Генч-Оглуев – вихрастый, в веснушках, с открытым лицом – принадлежал к именитой семье. Отец служил предводителем в Нижегородском уезде и состоял в свойстве с Фредериксами и Карамзиными. Сам юноша был стеснителен и серьезен не по годам. Смерть товарища потрясла Генча.
– Я догадываюсь, за что его убили, – сразу заявил он сыщику. – Он узнал на похоронах отца, кто на самом деле был его кровным родителем.
– Это ведь сильно заботило его?
– Да. Можно сказать, у Миши была «идея фикс». Он завидовал мне и всем прочим из Бархатной книги. Очень хотел относиться к столбовым дворянам! Подозревал, что имеет на это право. Часто смотрелся в зеркало и находил в своей внешности признаки «голубой крови».
– От него скрывали имя настоящего отца?
– Да. Формальные его родители простые мещане, люди неразвитые и совсем его не любившие. И внешнего сходства никакого! Но кто-то незримо опекал Мишу и помогал деньгами. Он мог только гадать, тайну блюли строго до самого последнего времени. Михаил многое узнал в свой последний приезд в Василь-Сурск.
– И рассказал вам?
– Увы, не все. Только то, что его отец действительно очень знатен и богат. Но так и не назвал фамилии. Постеснялся. Сначала он хотел с ним встретиться, поговорить, может быть, сдружиться. Мысленно рисовал сцены примирения, теплых чувств… Мише не хватало семейной ласки. Но ничего не получилось!
– Отец оказался не рад сыну?
– Не просто не рад. Он выгнал его в ярости!
– За что же так сурово?
– Конечно, из-за наследства! Михаил сказал мне удивительную вещь: он достоверно рожден в законном браке!
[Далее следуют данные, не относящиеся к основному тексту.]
theorem mainTheorem9:
  fixes A :: "'a::{real_inner, complete_space} \<Rightarrow> 'a set"
    and \<alpha> \<beta> :: "nat \<Rightarrow> real"
    and e x :: "nat \<Rightarrow> 'a"
    and \<gamma> :: real
    and a B E :: "nat \<Rightarrow> nat"
    and cE cD l :: nat
    and p :: 'a
  assumes maxmon: "maximal_monotone A"
    and alpha: "\<And>n. 0 < \<alpha> n \<and> \<alpha> n < 1"
    and beta: "\<And>n. \<beta> n > 0"
    and HPPA: "\<And>n. x (Suc n) = \<alpha> n *\<^sub>R x 0 + (1 - \<alpha> n) *\<^sub>R (resolvent A (\<beta> n) (x n) + e n)"
    and gamma: "\<gamma> > 0"
    and mono_a: "mono a" and mono_B: "mono B" and mono_E: "mono E"
    and Q1: "\<forall>k. \<forall>n \<ge> a k. \<alpha> n \<le> 1 / (real k + 1)"
    and Q3: "\<forall>k. \<forall>n \<ge> B k. \<beta> n \<ge> real k"
    and Q4: "\<forall>k n. (\<Sum>i = E k + 1..E k + n. norm (e i)) \<le> 1 / (real k + 1)"
    and cE: "real cE \<ge> 1 + (\<Sum>i = 0..E 0. norm (e i))"
    and pS: "p \<in> zeros A"
    and cD: "real cD \<ge> norm (x 0 - p)"
    and l: "real l \<ge> \<gamma>"
  shows "let xi = (\<lambda>k. max (a (2 * (2 * cD + cE) * (k + 1) - 1)) (E (2 * k + 1) + 1));
             chi = (\<lambda>k. max (xi (4 * k + 3)) (B (8 * (cD + cE) * (k + 1) * l - 1)) + 1)
         in \<forall>k. \<forall>n \<ge> chi k. norm (x n - resolvent A \<gamma> (x n)) \<le> 1 / (real k + 1)"
proof -
  have tail: "\<And>k n. (\<Sum>i = E k + 1..E k + n. norm (e i)) \<le> 1 / (real k + 1)"
    using Q4 by blast
  have "cE \<ge> 1"
    using cE sum_nonneg[of "{0..E 0}" "\<lambda>i. norm (e i)"] by simp
  have bounded: "norm (x m - p) \<le> real cD + real cE" for m
    using HPPA_dist_zero_le[OF maxmon alpha beta HPPA pS, of m] cD cE
      sum_lessThan_le_tail_sum_bound[of "\<lambda>i. norm (e i)", OF _ tail[of 0], of m] by simp
  show ?thesis
    unfolding Let_def
  proof (intro allI impI)
    fix k n
    assume "max (max (a (2 * (2 * cD + cE) * (4 * k + 3 + 1) - 1)) (E (2 * (4 * k + 3) + 1) + 1))
      (B (8 * (cD + cE) * (k + 1) * l - 1)) + 1 \<le> n"
    then obtain m where n: "n = Suc m" and "a (2 * (2 * cD + cE) * (4 * k + 3 + 1) - 1) \<le> m"
      and "E (2 * (4 * k + 3) + 1) < m" and "B (8 * (cD + cE) * (k + 1) * l - 1) \<le> m"
      by (cases n) auto
    have "norm (x n - resolvent A \<gamma> (x n))
        \<le> 2 * (\<alpha> m * (norm (x 0 - p) + norm (x m - p)) + norm (e m)) + \<gamma> / \<beta> m * norm (x m - p)"
      unfolding n using alpha[of m] by (intro HPPA_step_residual_le[OF maxmon _ _ beta gamma pS HPPA]) auto
    also have "\<dots> \<le> 1 / (real k + 1)"
    proof (rule HPPA_rate_arith)
      show "\<alpha> m \<le> 1 / (real (2 * (2 * cD + cE) * (4 * k + 3 + 1) - 1) + 1)"
        using Q1 \<open>a (2 * (2 * cD + cE) * (4 * k + 3 + 1) - 1) \<le> m\<close> by blast
      show "norm (e m) \<le> 1 / (real (2 * (4 * k + 3) + 1) + 1)"
        by (rule le_tail_sum_bound[OF _ tail \<open>E (2 * (4 * k + 3) + 1) < m\<close>]) simp
      show "real (8 * (cD + cE) * (k + 1) * l - 1) \<le> \<beta> m"
        using Q3 \<open>B (8 * (cD + cE) * (k + 1) * l - 1) \<le> m\<close> by blast
    qed (use \<open>cE \<ge> 1\<close> gamma l alpha[of m] cD bounded[of m] in auto)
    finally show "norm (x n - resolvent A \<gamma> (x n)) \<le> 1 / (real k + 1)" .
  qed
qed

end
(* For every $\varepsilon>0$, every locally $\varepsilon$-balanced $2$-edge-coloured $K_n$ contains at least $\varepsilon^4n^4/10^5$ copies of $P_3^{\circ}$, $C_4$ or $\overline{C_4}$ (counted together).
   Context: Colours are red and blue. A $2$-edge-coloured $K_n$ is locally $\varepsilon$-balanced if every vertex is incident to at least $\varepsilon n$ red and at least $\varepsilon n$ blue edges. $C_4$ is the $2$-edge-coloured $K_4$ whose red edges form a $4$-cycle (the other two edges blue); $\overline{C_4}$ is $C_4$ with colours swapped. $P_3^{\circ}$ is the $2$-edge-coloured $K_4$ on vertices $1,2,3,4$ in which the edges $12,23,34$ are blue and the edges $13,14,24$ are red. A copy of a coloured graph $H$ in a coloured graph $G$ is an injection of $V(H)$ into $V(G)$ mapping each edge of $H$ to an edge of $G$ of the same colour. *)

theory Defs
  imports Complex_Main "HOL-Library.FuncSet"
begin

text \<open>A 2-edge-coloured complete graph K_n: a finite vertex set V (n = card V) and a
  symmetric predicate red; for distinct u v in V the edge uv is red iff red u v, blue otherwise.\<close>

definition edge_colouring :: "'a set \<Rightarrow> ('a \<Rightarrow> 'a \<Rightarrow> bool) \<Rightarrow> bool" where
  "edge_colouring V red \<longleftrightarrow> finite V \<and> (\<forall>u\<in>V. \<forall>v\<in>V. red u v = red v u)"

definition red_deg :: "'a set \<Rightarrow> ('a \<Rightarrow> 'a \<Rightarrow> bool) \<Rightarrow> 'a \<Rightarrow> nat" where
  "red_deg V red v = card {u \<in> V. u \<noteq> v \<and> red v u}"

definition blue_deg :: "'a set \<Rightarrow> ('a \<Rightarrow> 'a \<Rightarrow> bool) \<Rightarrow> 'a \<Rightarrow> nat" where
  "blue_deg V red v = card {u \<in> V. u \<noteq> v \<and> \<not> red v u}"

definition locally_balanced :: "real \<Rightarrow> 'a set \<Rightarrow> ('a \<Rightarrow> 'a \<Rightarrow> bool) \<Rightarrow> bool" where
  "locally_balanced \<epsilon> V red \<longleftrightarrow>
     (\<forall>v\<in>V. real (red_deg V red v) \<ge> \<epsilon> * real (card V) \<and>
            real (blue_deg V red v) \<ge> \<epsilon> * real (card V))"

text \<open>Coloured K_4 patterns on vertices 0,1,2,3 (paper's 1,2,3,4); value True = red.\<close>

definition P3o :: "nat \<Rightarrow> nat \<Rightarrow> bool" where
  "P3o i j \<longleftrightarrow> {i, j} \<in> {{0,2}, {0,3}, {1,3}}"

definition C4 :: "nat \<Rightarrow> nat \<Rightarrow> bool" where
  "C4 i j \<longleftrightarrow> {i, j} \<in> {{0,1}, {1,2}, {2,3}, {3,0}}"

definition C4bar :: "nat \<Rightarrow> nat \<Rightarrow> bool" where
  "C4bar i j \<longleftrightarrow> \<not> C4 i j"

definition copies :: "(nat \<Rightarrow> nat \<Rightarrow> bool) \<Rightarrow> 'a set \<Rightarrow> ('a \<Rightarrow> 'a \<Rightarrow> bool) \<Rightarrow> (nat \<Rightarrow> 'a) set" where
  "copies H V red = {f \<in> {0..<4} \<rightarrow>\<^sub>E V. inj_on f {0..<4} \<and>
      (\<forall>i<4. \<forall>j<4. i \<noteq> j \<longrightarrow> red (f i) (f j) = H i j)}"

end

theory Submission
  imports Defs
begin

text \<open>
  Call (x, y, u, w) an alternating 4-cycle if xu and yw are red while uy and wx are blue.
  Whatever the colours of the diagonals xy and uw, its vertices span a copy of C4, of its
  complement or of P3o, and within each of the four colour classes of the diagonals distinct
  cycles give distinct copies. So it suffices to find many alternating 4-cycles when all red
  and blue degrees are at least k = \<epsilon>n.

  For k < 16 a single cycle suffices: take y of maximal red degree, a blue neighbour u of y and
  a red neighbour x of u; as x has at most the red degree of y, some w is red to y and blue to x.
  For k \<ge> 16 let H be the \<lfloor>k/8\<rfloor> vertices of largest red degree and write N(v) for the red
  neighbourhood of v. If some y \<in> H has a blue neighbourhood Q with
  \<Sum> |N(u) \<inter> N(u')| < |Q|^2 k/4 over pairs u \<noteq> u' in Q, then any two u, u' \<in> Q have at least
  k - 1 - |N(u) \<inter> N(u')| red neighbours each that are blue to the other, and summing over pairs
  in Q gives k^4/128 cycles. Otherwise double counting gives, for every y \<in> H,
  \<Sum> |N(x) \<inter> Q|^2 \<ge> |Q|^2 k/4 over all x, at least half of it from x \<notin> H; such x have red
  degree at most that of y, so |N(x) \<inter> Q|^2 cycles have diagonal xy, and summing over y \<in> H
  again gives k^4/128.
\<close>

definition K4_map :: "'a \<Rightarrow> 'a \<Rightarrow> 'a \<Rightarrow> 'a \<Rightarrow> nat \<Rightarrow> 'a" where
  "K4_map a b c d = (\<lambda>i. if i = 0 then a else if i = 1 then b else if i = 2 then c
      else if i = 3 then d else undefined)"

lemma K4_map_simps [simp]:
  "K4_map a b c d 0 = a" "K4_map a b c d 1 = b" "K4_map a b c d (Suc 0) = b"
  "K4_map a b c d 2 = c" "K4_map a b c d 3 = d"
  by (simp_all add: K4_map_def)

lemma K4_map_inject:
  assumes "K4_map a b c d = K4_map a' b' c' d'"
  shows "a = a' \<and> b = b' \<and> c = c' \<and> d = d'"
  using fun_cong[OF assms, of 0] fun_cong[OF assms, of 1] fun_cong[OF assms, of 2]
    fun_cong[OF assms, of 3]
  by simp

lemma P3o_commute: "P3o i j = P3o j i"
  by (simp add: P3o_def insert_commute)

lemma C4_commute: "C4 i j = C4 j i"
  by (simp add: C4_def insert_commute)

lemma C4bar_commute: "C4bar i j = C4bar j i"
  by (simp add: C4bar_def C4_commute)

lemma exists_top_subset:
  fixes f :: "'a \<Rightarrow> 'b::linorder"
  assumes "finite V" and "h \<le> card V"
  obtains H where "H \<subseteq> V" "card H = h" "\<And>y x. y \<in> H \<Longrightarrow> x \<in> V - H \<Longrightarrow> f x \<le> f y"
proof -
  have "\<exists>H\<subseteq>V. card H = h \<and> (\<forall>y\<in>H. \<forall>x\<in>V - H. f x \<le> f y)"
    using assms(2)
  proof (induction h)
    case 0
    show ?case by auto
  next
    case (Suc h)
    then obtain H where H: "H \<subseteq> V" "card H = h" "\<forall>y\<in>H. \<forall>x\<in>V - H. f x \<le> f y"
      by auto
    have "V - H \<noteq> {}"
    proof
      assume "V - H = {}"
      then have "V = H"
        using H(1) by blast
      then show False
        using H(2) Suc.prems by simp
    qed
    moreover have "finite (V - H)"
      using assms(1) by simp
    ultimately have "Max (f ` (V - H)) \<in> f ` (V - H)"
      by (intro Max_in) auto
    then obtain y where y: "y \<in> V - H" "f y = Max (f ` (V - H))"
      by auto
    have "f x \<le> f y" if "x \<in> V - H" for x
      using y(2) that \<open>finite (V - H)\<close> by simp
    then show ?case
      using y(1) H finite_subset[OF H(1) assms(1)] by (intro exI[of _ "insert y H"]) auto
  qed
  then show ?thesis
    using that by blast
qed

lemma square_minus_twice_mult_le_mult:
  fixes a c p r :: real
  assumes "0 \<le> a" "0 \<le> c" "0 \<le> p" "0 \<le> r" "a - c \<le> p" "a - c \<le> r"
  shows "a^2 - 2*a*c \<le> p*r"
proof (cases "a \<le> c")
  case True
  then have "a * a \<le> a * c"
    using assms(1) by (rule mult_left_mono)
  then have "a^2 - 2*a*c \<le> 0"
    using mult_nonneg_nonneg[OF assms(1,2)] by (simp add: power2_eq_square)
  then show ?thesis
    using assms(3,4) by (meson mult_nonneg_nonneg order_trans)
next
  case False
  then have "(a - c) * (a - c) \<le> p * r"
    using assms by (intro mult_mono) auto
  moreover have "a^2 - 2*a*c \<le> (a - c) * (a - c)"
    by (simp add: power2_eq_square algebra_simps)
  ultimately show ?thesis
    by linarith
qed

lemma sum_distinct_pairs_affine:
  fixes f :: "'a \<Rightarrow> 'a \<Rightarrow> real"
  assumes "finite Q"
  shows "(\<Sum>u\<in>Q. \<Sum>u'\<in>Q - {u}. a - b * f u u')
    = real (card Q) * (real (card Q) - 1) * a - b * (\<Sum>u\<in>Q. \<Sum>u'\<in>Q - {u}. f u u')"
proof -
  have "(\<Sum>u'\<in>Q - {u}. a - b * f u u') = (real (card Q) - 1) * a - b * (\<Sum>u'\<in>Q - {u}. f u u')"
    if "u \<in> Q" for u
  proof -
    have "card Q \<ge> 1"
      using that assms by (metis One_nat_def Suc_leI card_gt_0_iff empty_iff)
    then have "real (card (Q - {u})) = real (card Q) - 1"
      using that assms by (simp add: of_nat_diff)
    then show ?thesis
      by (simp add: sum_subtractf sum_distrib_left)
  qed
  then have "(\<Sum>u\<in>Q. \<Sum>u'\<in>Q - {u}. a - b * f u u')
      = (\<Sum>u\<in>Q. (real (card Q) - 1) * a - b * (\<Sum>u'\<in>Q - {u}. f u u'))"
    by (rule sum.cong[OF refl])
  then show ?thesis
    by (simp add: sum_subtractf sum_distrib_left)
qed

locale two_colouring =
  fixes V :: "'a set" and red :: "'a \<Rightarrow> 'a \<Rightarrow> bool"
  assumes colouring: "edge_colouring V red"
begin

lemma finite_V: "finite V"
  using colouring by (simp add: edge_colouring_def)

lemma red_commute: "u \<in> V \<Longrightarrow> v \<in> V \<Longrightarrow> red u v = red v u"
  using colouring by (simp add: edge_colouring_def)

definition red_nbrs :: "'a \<Rightarrow> 'a set" where
  "red_nbrs v = {u \<in> V. u \<noteq> v \<and> red v u}"

definition blue_nbrs :: "'a \<Rightarrow> 'a set" where
  "blue_nbrs v = {u \<in> V. u \<noteq> v \<and> \<not> red v u}"

definition red_blue_nbrs :: "'a \<Rightarrow> 'a \<Rightarrow> 'a set" where
  "red_blue_nbrs x y = red_nbrs x \<inter> blue_nbrs y"

definition red_codegree :: "'a \<Rightarrow> 'a \<Rightarrow> nat" where
  "red_codegree u v = card (red_nbrs u \<inter> red_nbrs v)"

text \<open>A quadruple (x, y, u, w) stands for the 4-cycle x u y w with red edges xu, yw and blue
  edges uy, wx.\<close>

definition alternating_cycles :: "('a \<times> 'a \<times> 'a \<times> 'a) set" where
  "alternating_cycles = (SIGMA x:V. SIGMA y:V - {x}. red_blue_nbrs x y \<times> red_blue_nbrs y x)"

definition cycles_on_diagonal :: "'a \<Rightarrow> 'a \<Rightarrow> nat" where
  "cycles_on_diagonal x y = card (red_blue_nbrs x y) * card (red_blue_nbrs y x)"

lemma red_nbrs_subset: "red_nbrs v \<subseteq> V"
  by (auto simp: red_nbrs_def)

lemma blue_nbrs_subset: "blue_nbrs v \<subseteq> V"
  by (auto simp: blue_nbrs_def)

lemma finite_red_nbrs: "finite (red_nbrs v)"
  using finite_subset[OF red_nbrs_subset finite_V] .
Имеются бумаги, подтверждающие это.
– Вот это новость! – даже вскочил Алексей. – Ну и ну… Гнев родителя становится тогда понятным.
– Более чем! Есть законные наследники, все уже мысленно поделено, и вдруг новый едок… Это ли не мотив для убийства?
– Еще какой мотив, Сергей. Как жаль, что Обыденнов не назвал вам фамилию! Я, конечно, пошлю агента в Василь-Сурск; попробуем найти концы там. Но… все же история эта мне не нравится. Как-то неправдоподобно, словно в романе. У жизни намного более простые сюжеты. Не мог отец не знать, что его сын – законнорожденный! Он за ним следил, помогал деньгами. Бастард – понятно, но рожденный в законном браке… Что, папаша забыл, как прошелся вокруг аналоя? Бред! Вы уверены, что Обыденнов не сочинил всю эту романтическую легенду, начитавшись графа Салиаса?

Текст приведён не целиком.